I recently talked to a recruiter.  She was frustrated, as her company wants to hire veterans, but the resumes she receives are full of that foreign language I like to call militaryese.  One of the most important things a transitioning service member needs to do is “talk the talk.” You would not expect to have a leader in your unit who could not talk militaryese. If you want to be a member of a corporation you need to learn to translate your experience into corporatese.  The big question is how?


  • Immerse yourself in corporatese Did you  not learn militaryese in an instant, when you immersed yourself in the culture? You need to do the same to be able to speak corporatese.  Read books and articles, get involved in professional organizations, and attend networking events. Listen and learn.



  • Hold advisory conversations (aka informational interviews). Talk to people in the corporate world. Ask what someone in your chosen field would do in the civilian world. Learn how to translate what you do to corporatese.

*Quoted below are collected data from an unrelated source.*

(* Fix a set of mean-field flows $\mathcal{S}=\{\mu^1,\dots,\mu^K\}$ and let $\pi^a,\pi^b\in\mathcal{B}^{\mathrm{RQE}}_{\mathrm{opt}}(\mathcal{S})$. Suppose there is $t\in\{0,\dots,T-1\}$ such that $Q^{\pi^a}_{\mu^k,t}(x,u)=Q^{\pi^b}_{\mu^k,t}(x,u)$ for all $x\in\mathcal{X}$, $u\in\mathcal{U}$, $k\in\{1,\dots,K\}$. Then (i) $\pi^a_t(\cdot\mid x)=\pi^b_t(\cdot\mid x)$ for all $x\in\mathcal{X}$, and (ii) if $t\ge1$, $Q^{\pi^a}_{\mu^k,t-1}(x,u)=Q^{\pi^b}_{\mu^k,t-1}(x,u)$ for all $x,u,k$.
   Context: Let $\mathcal{X},\mathcal{U}$ be finite nonempty sets and $T\ge1$. $\mathcal{P}(E)$ denotes probability vectors on a finite set $E$. For $t\in\{0,\dots,T-1\}$: transition kernels $f_t(x'\mid x,u,\mu)$ (a distribution over $x'$ for each $x,u$ and $\mu\in\mathcal{P}(\mathcal{X})$) and bounded rewards $r_t(x,u,\mu)$. A policy is $\pi=(\pi_0,\dots,\pi_{T-1})$ with $\pi_t(\cdot\mid x)\in\mathcal{P}(\mathcal{U})$; $\Pi_t$ the set of time-$t$ decision rules. A mean-field flow is a sequence $\mu=(\mu_0,\dots,\mu_T)$ in $\mathcal{P}(\mathcal{X})$. Q-functions: $Q^\pi_{\mu,T-1}(x,u)=r_{T-1}(x,u,\mu_{T-1})$, $Q^\pi_{\mu,t}(x,u)=r_t(x,u,\mu_t)+\sum_{x'}f_t(x'\mid x,u,\mu_t)V^\pi_{\mu,t+1}(x')$ for $t<T-1$, with $V^\pi_{\mu,t}(x)=\sum_u\pi_t(u\mid x)Q^\pi_{\mu,t}(x,u)$. Data: finite $\mathbb{M}=\{\mu_0^1,\dots,\mu_0^K\}\subset\mathcal{P}(\mathcal{X})$ with probabilities $w_k=\Gamma^*(\mu_0^k)$; $\tau>0$; $\alpha>0$; a strictly convex regularizer $\nu:\mathcal{P}(\mathcal{U})\to\mathbb{R}$. A set of flows $\mathcal{S}=\{\mu^1,\dots,\mu^K\}$ has $\mu^k$ starting at $\mu_0^k$. Cost: $c_t^{\pi,\alpha}(x;\mathcal{S})=\frac1\tau\log\big(\sum_kw_k\exp(-\tau\sum_u\pi_t(u\mid x)Q^\pi_{\mu^k,t}(x,u))\big)+\alpha\nu(\pi_t(\cdot\mid x))$. $(\pi'_t,\pi_{-t})$ denotes $\pi$ with time-$t$ component replaced by $\pi'_t\in\Pi_t$. $\mathcal{B}^{\mathrm{RQE}}_{\mathrm{opt}}(\mathcal{S})$ is the set of policies $\pi$ such that for all $t,x$, $\pi_t(\cdot\mid x)$ minimizes $c_t^{(\pi'_t,\pi_{-t}),\alpha}(x;\mathcal{S})$ over $\pi'_t\in\Pi_t$. *)

theory Defs
  imports "HOL-Analysis.Analysis"
begin

definition prob_vec :: "('a::finite \<Rightarrow> real) \<Rightarrow> bool" where
  "prob_vec p \<longleftrightarrow> (\<forall>a. 0 \<le> p a) \<and> (\<Sum>a\<in>UNIV. p a) = 1"

definition decision_rule :: "('x::finite \<Rightarrow> 'u::finite \<Rightarrow> real) \<Rightarrow> bool" where
  "decision_rule d \<longleftrightarrow> (\<forall>x. prob_vec (d x))"

text \<open>A policy pol = (pi_0,...,pi_(T-1)); pol t x u is pi_t(u | x).\<close>
definition policy :: "nat \<Rightarrow> (nat \<Rightarrow> 'x::finite \<Rightarrow> 'u::finite \<Rightarrow> real) \<Rightarrow> bool" where
  "policy T pol \<longleftrightarrow> (\<forall>t<T. decision_rule (pol t))"

text \<open>Kernel: f t x u m x' = f_t(x' | x,u,m);
  reward r t x u m = r_t(x,u,m); flow mu t = mu_t.  For t >= T-1 it is the terminal
  reward (only t <= T-1 is meaningful).  V^pi_{mu,t+1} is inlined.\<close>
function Qfun :: "nat \<Rightarrow> (nat \<Rightarrow> 'x::finite \<Rightarrow> 'u::finite \<Rightarrow> ('x \<Rightarrow> real) \<Rightarrow> 'x \<Rightarrow> real)
    \<Rightarrow> (nat \<Rightarrow> 'x \<Rightarrow> 'u \<Rightarrow> ('x \<Rightarrow> real) \<Rightarrow> real)
    \<Rightarrow> (nat \<Rightarrow> 'x \<Rightarrow> 'u \<Rightarrow> real) \<Rightarrow> (nat \<Rightarrow> 'x \<Rightarrow> real) \<Rightarrow> nat \<Rightarrow> 'x \<Rightarrow> 'u \<Rightarrow> real" where
  "Qfun T f r pol mu t x u =
     (if T \<le> t + 1 then r t x u (mu t)
      else r t x u (mu t) +
        (\<Sum>x'\<in>UNIV. f t x u (mu t) x' *
           (\<Sum>u'\<in>UNIV. pol (t+1) x' u' * Qfun T f r pol mu (t+1) x' u')))"
  by pat_completeness auto
termination
  by (relation "Wellfounded.measure (\<lambda>(T,f,r,pol,mu,t,x,u). T - t)") auto

declare Qfun.simps [simp del]

definition Vfun where
  "Vfun T f r pol mu t x = (\<Sum>u\<in>UNIV. pol t x u * Qfun T f r pol mu t x u)"

definition cost ::
  "nat \<Rightarrow> (nat \<Rightarrow> 'x::finite \<Rightarrow> 'u::finite \<Rightarrow> ('x \<Rightarrow> real) \<Rightarrow> 'x \<Rightarrow> real)
    \<Rightarrow> (nat \<Rightarrow> 'x \<Rightarrow> 'u \<Rightarrow> ('x \<Rightarrow> real) \<Rightarrow> real)
    \<Rightarrow> nat \<Rightarrow> (nat \<Rightarrow> real) \<Rightarrow> (nat \<Rightarrow> nat \<Rightarrow> 'x \<Rightarrow> real) \<Rightarrow> real \<Rightarrow> real
    \<Rightarrow> (('u \<Rightarrow> real) \<Rightarrow> real)
    \<Rightarrow> (nat \<Rightarrow> 'x \<Rightarrow> 'u \<Rightarrow> real) \<Rightarrow> nat \<Rightarrow> 'x \<Rightarrow> real" where
  "cost T f r K w mus tau alpha nu pol t x =
     (1 / tau) * ln (\<Sum>k\<in>{1..K}. w k *
        exp (- tau * (\<Sum>u\<in>UNIV. pol t x u * Qfun T f r pol (mus k) t x u)))
     + alpha * nu (pol t x)"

  • Get a mentor The military has a mentorship culture that encourages Service Members to mentor each other formally and informally, to help develop the necessary skills to succeed in the military culture.  Corporations have mentors too. American Corporate Partnersand is a great program that matches up transitioning service members with corporate mentors, find it here .
  • Reach out.  Reach out to other veterans, including former colleagues, supervisors, and subordinates.  LinkedIn is a great place to find them.  Ask for help in translating your skills.



  • Attend the Transition Assistance Program (TAP) and take it seriously. Do not just attend, participate, and make the most out of it. Take advantage of employer days and additional services the program offers.


Put the time and effort into your transition and learning corporatese.  Immerse yourself in the corporate culture as you prepare to separate from the military and do not be afraid to reach out.